*Recorded information*
definition layered_circuit :: "nat set \<Rightarrow> nat \<Rightarrow> nat \<Rightarrow> nat \<Rightarrow> circuit \<Rightarrow> bool" where
  "layered_circuit S n M D C \<longleftrightarrow>
     (\<forall>i\<le>D. finite (layer C i)) \<and>
     (\<forall>i\<le>D. \<forall>j\<le>D. i \<noteq> j \<longrightarrow> layer C i \<inter> layer C j = {}) \<and>
     (\<forall>g\<in>gates C D. distinct (ins C g)) \<and>
     (\<forall>g\<in>layer C 0. ins C g = []) \<and>
     bij_betw (inlab C) (layer C 0) ({..<n} \<times> {..<n}) \<and>
     (\<forall>i<D. \<forall>g\<in>layer C (Suc i). set (ins C g) \<subseteq> layer C i) \<and>
     (\<forall>i<D. \<forall>g\<in>layer C (Suc i). \<forall>xs. length xs = length (ins C g) \<and> set xs \<subseteq> S
          \<longrightarrow> gfun C g xs \<in> S) \<and>
     bij_betw (outlab C) (layer C D) ({..<n} \<times> {..<M}) \<and>
     connected_circuit C D"

primrec gval :: "circuit \<Rightarrow> (nat \<Rightarrow> nat \<Rightarrow> nat) \<Rightarrow> nat \<Rightarrow> nat \<Rightarrow> nat" where
  "gval C x 0 g = x (fst (inlab C g)) (snd (inlab C g))"
| "gval C x (Suc i) g = gfun C g (map (gval C x i) (ins C g))"

definition circuit_computes :: "nat set \<Rightarrow> nat \<Rightarrow> nat \<Rightarrow> circuit
    \<Rightarrow> ((nat \<Rightarrow> nat \<Rightarrow> nat) \<Rightarrow> nat \<Rightarrow> nat \<Rightarrow> nat) \<Rightarrow> bool" where
  "circuit_computes S n D C f \<longleftrightarrow>
     (\<forall>x. valid_input S n x \<longrightarrow>
        (\<forall>g\<in>layer C D. gval C x D g = f x (fst (outlab C g)) (snd (outlab C g))))"

text \<open>part i g = w means gate g of layer i lies in part P_{i,w}. Wires are counted along the
  in-neighbour lists. The bound O(n^(1+phi)) is witnessed by the constant c.\<close>
definition wires_out :: "circuit \<Rightarrow> (nat \<Rightarrow> nat \<Rightarrow> nat) \<Rightarrow> nat \<Rightarrow> nat \<Rightarrow> nat" where
  "wires_out C part i w =
     (\<Sum>g\<in>{g\<in>layer C (Suc i). part (Suc i) g \<noteq> w}. length (filter (\<lambda>u. part i u = w) (ins C g)))"

definition wires_in :: "circuit \<Rightarrow> (nat \<Rightarrow> nat \<Rightarrow> nat) \<Rightarrow> nat \<Rightarrow> nat \<Rightarrow> nat" where
  "wires_in C part i w =
     (\<Sum>g\<in>{g\<in>layer C (Suc i). part (Suc i) g = w}. length (filter (\<lambda>u. part i u \<noteq> w) (ins C g)))"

*Problem statement*
Transcribe every record above exactly as written.

*Written response*
definition layered_circuit :: "nat set \<Rightarrow> nat \<Rightarrow> nat \<Rightarrow> nat \<Rightarrow> circuit \<Rightarrow> bool" where
  "layered_circuit S n M D C \<longleftrightarrow>
     (\<forall>i\<le>D. finite (layer C i)) \<and>
     (\<forall>i\<le>D. \<forall>j\<le>D. i \<noteq> j \<longrightarrow> layer C i \<inter> layer C j = {}) \<and>
     (\<forall>g\<in>gates C D. distinct (ins C g)) \<and>
     (\<forall>g\<in>layer C 0. ins C g = []) \<and>
     bij_betw (inlab C) (layer C 0) ({..<n} \<times> {..<n}) \<and>
     (\<forall>i<D. \<forall>g\<in>layer C (Suc i). set (ins C g) \<subseteq> layer C i) \<and>
     (\<forall>i<D. \<forall>g\<in>layer C (Suc i). \<forall>xs. length xs = length (ins C g) \<and> set xs \<subseteq> S
          \<longrightarrow> gfun C g xs \<in> S) \<and>
     bij_betw (outlab C) (layer C D) ({..<n} \<times> {..<M}) \<and>
     connected_circuit C D"

primrec gval :: "circuit \<Rightarrow> (nat \<Rightarrow> nat \<Rightarrow> nat) \<Rightarrow> nat \<Rightarrow> nat \<Rightarrow> nat" where
  "gval C x 0 g = x (fst (inlab C g)) (snd (inlab C g))"
| "gval C x (Suc i) g = gfun C g (map (gval C x i) (ins C g))"

definition circuit_computes :: "nat set \<Rightarrow> nat \<Rightarrow> nat \<Rightarrow> circuit
    \<Rightarrow> ((nat \<Rightarrow> nat \<Rightarrow> nat) \<Rightarrow> nat \<Rightarrow> nat \<Rightarrow> nat) \<Rightarrow> bool" where
  "circuit_computes S n D C f \<longleftrightarrow>
     (\<forall>x. valid_input S n x \<longrightarrow>
        (\<forall>g\<in>layer C D. gval C x D g = f x (fst (outlab C g)) (snd (outlab C g))))"

text \<open>part i g = w means gate g of layer i lies in part P_{i,w}. Wires are counted along the
  in-neighbour lists. The bound O(n^(1+phi)) is witnessed by the constant c.\<close>
definition wires_out :: "circuit \<Rightarrow> (nat \<Rightarrow> nat \<Rightarrow> nat) \<Rightarrow> nat \<Rightarrow> nat \<Rightarrow> nat" where
  "wires_out C part i w =
     (\<Sum>g\<in>{g\<in>layer C (Suc i). part (Suc i) g \<noteq> w}. length (filter (\<lambda>u. part i u = w) (ins C g)))"

definition wires_in :: "circuit \<Rightarrow> (nat \<Rightarrow> nat \<Rightarrow> nat) \<Rightarrow> nat \<Rightarrow> nat \<Rightarrow> nat" where
  "wires_in C part i w =
     (\<Sum>g\<in>{g\<in>layer C (Suc i). part (Suc i) g = w}. length (filter (\<lambda>u. part i u \<noteq> w) (ins C g)))"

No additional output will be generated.